[Collected data]
* * * *

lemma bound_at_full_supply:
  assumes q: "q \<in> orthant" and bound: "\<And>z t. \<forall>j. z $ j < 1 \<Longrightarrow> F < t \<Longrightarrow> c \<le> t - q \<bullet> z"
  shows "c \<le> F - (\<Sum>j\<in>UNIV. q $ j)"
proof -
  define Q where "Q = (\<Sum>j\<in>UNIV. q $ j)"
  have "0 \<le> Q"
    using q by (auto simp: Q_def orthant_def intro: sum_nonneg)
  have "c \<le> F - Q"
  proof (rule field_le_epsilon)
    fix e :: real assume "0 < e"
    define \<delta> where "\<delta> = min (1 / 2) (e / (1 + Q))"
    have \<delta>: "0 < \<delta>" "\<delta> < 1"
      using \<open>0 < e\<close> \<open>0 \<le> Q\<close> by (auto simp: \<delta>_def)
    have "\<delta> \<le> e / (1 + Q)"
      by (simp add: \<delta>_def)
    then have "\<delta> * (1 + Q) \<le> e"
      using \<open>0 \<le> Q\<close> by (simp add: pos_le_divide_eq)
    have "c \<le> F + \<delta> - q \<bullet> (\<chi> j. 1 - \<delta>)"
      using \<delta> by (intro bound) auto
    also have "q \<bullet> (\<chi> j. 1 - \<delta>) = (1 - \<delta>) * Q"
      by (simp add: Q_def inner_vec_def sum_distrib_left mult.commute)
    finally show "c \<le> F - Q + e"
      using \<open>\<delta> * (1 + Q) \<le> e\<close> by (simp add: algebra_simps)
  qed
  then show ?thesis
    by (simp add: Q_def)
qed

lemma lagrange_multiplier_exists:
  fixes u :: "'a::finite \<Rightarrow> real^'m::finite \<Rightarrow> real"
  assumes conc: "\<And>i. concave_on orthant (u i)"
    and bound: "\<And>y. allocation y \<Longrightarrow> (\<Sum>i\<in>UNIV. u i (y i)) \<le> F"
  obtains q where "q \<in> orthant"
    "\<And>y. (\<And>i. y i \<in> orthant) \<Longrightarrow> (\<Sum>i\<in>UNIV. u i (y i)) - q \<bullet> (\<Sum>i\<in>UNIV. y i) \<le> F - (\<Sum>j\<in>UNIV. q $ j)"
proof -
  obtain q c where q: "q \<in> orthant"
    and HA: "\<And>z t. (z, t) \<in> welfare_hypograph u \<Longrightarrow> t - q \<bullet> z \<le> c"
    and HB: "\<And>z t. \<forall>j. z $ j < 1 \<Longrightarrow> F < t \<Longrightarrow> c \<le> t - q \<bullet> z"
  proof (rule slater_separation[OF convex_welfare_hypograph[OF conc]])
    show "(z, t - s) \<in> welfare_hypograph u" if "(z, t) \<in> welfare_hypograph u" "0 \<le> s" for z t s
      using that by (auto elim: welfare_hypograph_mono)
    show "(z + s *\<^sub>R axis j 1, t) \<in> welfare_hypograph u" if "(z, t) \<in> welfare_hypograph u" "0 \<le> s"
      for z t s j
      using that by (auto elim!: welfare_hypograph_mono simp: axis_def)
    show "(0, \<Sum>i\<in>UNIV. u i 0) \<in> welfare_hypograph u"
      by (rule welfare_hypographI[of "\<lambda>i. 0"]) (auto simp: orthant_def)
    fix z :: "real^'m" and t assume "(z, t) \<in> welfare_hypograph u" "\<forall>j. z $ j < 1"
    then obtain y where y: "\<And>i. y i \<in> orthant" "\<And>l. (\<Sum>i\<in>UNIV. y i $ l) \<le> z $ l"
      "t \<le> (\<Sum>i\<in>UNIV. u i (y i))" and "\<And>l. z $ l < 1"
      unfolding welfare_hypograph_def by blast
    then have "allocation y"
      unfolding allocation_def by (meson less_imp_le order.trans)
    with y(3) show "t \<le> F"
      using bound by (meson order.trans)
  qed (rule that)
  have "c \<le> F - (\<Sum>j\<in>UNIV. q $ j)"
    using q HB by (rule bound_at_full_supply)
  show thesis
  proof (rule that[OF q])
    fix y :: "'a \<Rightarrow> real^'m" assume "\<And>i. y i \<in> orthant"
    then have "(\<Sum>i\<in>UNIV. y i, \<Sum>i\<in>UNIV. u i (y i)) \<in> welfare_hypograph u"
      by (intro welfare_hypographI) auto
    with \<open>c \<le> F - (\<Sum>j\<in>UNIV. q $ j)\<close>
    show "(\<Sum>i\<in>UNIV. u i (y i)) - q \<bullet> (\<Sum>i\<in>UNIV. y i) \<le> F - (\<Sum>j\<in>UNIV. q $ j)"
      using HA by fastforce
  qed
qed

* * * *

# Action item
Only the lines above from the line containing "using \<delta> by (intro bound) auto" through the line containing "s) \<in> welfare_hypograph" should be retyped, exactly and with both ends included.

# Task output
      using \<delta> by (intro bound) auto
    also have "q \<bullet> (\<chi> j. 1 - \<delta>) = (1 - \<delta>) * Q"
      by (simp add: Q_def inner_vec_def sum_distrib_left mult.commute)
    finally show "c \<le> F - Q + e"
      using \<open>\<delta> * (1 + Q) \<le> e\<close> by (simp add: algebra_simps)
  qed
  then show ?thesis
    by (simp add: Q_def)
qed

lemma lagrange_multiplier_exists:
  fixes u :: "'a::finite \<Rightarrow> real^'m::finite \<Rightarrow> real"
  assumes conc: "\<And>i. concave_on orthant (u i)"
    and bound: "\<And>y. allocation y \<Longrightarrow> (\<Sum>i\<in>UNIV. u i (y i)) \<le> F"
  obtains q where "q \<in> orthant"
    "\<And>y. (\<And>i. y i \<in> orthant) \<Longrightarrow> (\<Sum>i\<in>UNIV. u i (y i)) - q \<bullet> (\<Sum>i\<in>UNIV. y i) \<le> F - (\<Sum>j\<in>UNIV. q $ j)"
proof -
  obtain q c where q: "q \<in> orthant"
    and HA: "\<And>z t. (z, t) \<in> welfare_hypograph u \<Longrightarrow> t - q \<bullet> z \<le> c"
    and HB: "\<And>z t. \<forall>j. z $ j < 1 \<Longrightarrow> F < t \<Longrightarrow> c \<le> t - q \<bullet> z"
  proof (rule slater_separation[OF convex_welfare_hypograph[OF conc]])
    show "(z, t - s) \<in> welfare_hypograph u" if "(z, t) \<in> welfare_hypograph u" "0 \<le> s" for z t s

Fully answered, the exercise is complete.